NOTE: to be fair, modern models typically won't fall into such a grave hallucination, but it is possible and worth mitigating.

The Fix: Parse, Don't Guess

get solves both problems by forking git's argument parser and building a state machine on top of it. Every git command gets parsed into a structured representation before anything executes. From that parse, two things happen:

  1. Read/write classification.
    • The state machine categorizes every command as either read-only or mutating.
    • Read-only commands---log, status, diff, show, branch --list, remote -v---execute immediately with no prompt.
    • Mutating commands---commit, push, checkout -b, reset, clean---go through the permission path.
  2. Ground-truth explanations.
    • When a mutating command does need approval, the prompt doesn't show the agent's hallucinated description.
    • It shows what the command will actually do, derived from the parsed arguments.
    • If the agent runs git clean -fd, you don't see "cleaning up the workspace;" you see the exact list of files that will be deleted.
      • The parser already knows since it has the full semantic representation of the command.

Why Fork the Parser?

A reasonable question:

why not just maintain a list of read-only subcommands and call it a day?

Because git commands aren't cleanly read-only or mutating at the subcommand level. git stash is mutating. git stash list is read-only. git branch lists branches (read). git branch -d feature deletes one (mutate). The classification depends on the full argument vector, not just the subcommand. You could try to build a table of known flag combinations, but git has hundreds of flags across dozens of subcommands, and the interactions between them are non-trivial. The arg parser already encodes all of this information. Forking it gives us a complete, correct model of what any git invocation will do---for free. We cover everything in git's argument surface except alias resolution. Aliases are the one part that's genuinely unparseable without execution: they're user-defined, arbitrary, and can map to shell commands via !.

A Concrete Example

An agent is working on a feature branch and wants to check what files have changed relative to main:

get diff --name-only main..HEAD

The parser sees diff, --name-only, and a revision range. State machine says: read-only. The command executes instantly. No prompt. The agent gets its file list and moves on.

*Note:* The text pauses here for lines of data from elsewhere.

lemma orthogonal_array_of_mols:
  assumes AB: "orthogonal_latin_squares n A B"
  shows "orthogonal_array 4 n (mols_row A B ` ({..<n} \<times> {..<n}))"
proof (rule orthogonal_array_imageI)
  have A: "latin_square n A" and B: "latin_square n B"
    using AB by (simp_all add: orthogonal_latin_squares_def)
  show "finite ({..<n} \<times> {..<n})" "card ({..<n} \<times> {..<n}) = n\<^sup>2"
    by (simp_all add: power2_eq_square)
  show "mols_row A B p \<in> (\<Pi>\<^sub>E j\<in>{..<4}. {..<n})" if "p \<in> {..<n} \<times> {..<n}" for p
    using that latin_square_entry[OF A] latin_square_entry[OF B]
    by (clarsimp simp: mols_row_def) (auto elim!: less_4_cases)
  fix i j :: nat assume ij: "i < j" "j < 4"
  show "inj_on (\<lambda>p. (mols_row A B p i, mols_row A B p j)) ({..<n} \<times> {..<n})"
  proof (rule inj_onI, clarsimp)
    fix x y x' y' assume xy: "x < n" "y < n" "x' < n" "y' < n"
      and eq: "mols_row A B (x, y) i = mols_row A B (x', y') i"
        "mols_row A B (x, y) j = mols_row A B (x', y') j"
    have e: "[x, y, A x y, B x y] ! i = [x', y', A x' y', B x' y'] ! i"
      "[x, y, A x y, B x y] ! j = [x', y', A x' y', B x' y'] ! j"
      using eq ij by (simp_all add: mols_row_def)
    from ij consider "i = 0" "j = 1" | "i = 0" "j = 2" | "i = 0" "j = 3"
      | "i = 1" "j = 2" | "i = 1" "j = 3" | "i = 2" "j = 3" by linarith
    then show "x = x' \<and> y = y'"
    proof cases
      case 1 then show ?thesis using e by simp
    next
      case 2 then show ?thesis using e xy latin_square_cancel_right[OF A, of x y y'] by auto
    next
      case 3 then show ?thesis using e xy latin_square_cancel_right[OF B, of x y y'] by auto
    next
      case 4 then show ?thesis using e xy latin_square_cancel_left[OF A, of x x' y] by auto
    next
      case 5 then show ?thesis using e xy latin_square_cancel_left[OF B, of x x' y] by auto
    next
      case 6 then show ?thesis using e orthogonal_latin_squares_cancel[OF AB xy] by simp
    qed
  qed
qed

Later, the agent wants to clean up untracked build artifacts:

get clean -fd

The parser sees clean, -f (force), -d (directories). State machine says: mutating. But instead of showing the agent's description ("removing build artifacts"), get shows you:

get: this command will permanently delete:
  build/
  dist/
  .cache/temp_xxxxx
Allow? [y/N]

You're approving facts, not fiction.

Where This Fits

get is one piece of a larger system I'm building at Rethink around inference-time compute efficiency for agentic coding. The same principle---statically analyzing commands before execution to determine their effects---extends beyond git.

We can cleanly map this model of taking an argument parser, composing a state machine representation, and deciding the semantic meaning.

Conclusion

Your agent doesn't need permission to read a git log. It needs a tool that knows the difference.

get is distributed under a Modified-MIT license and is part of the Rethink Automatic Development Platform.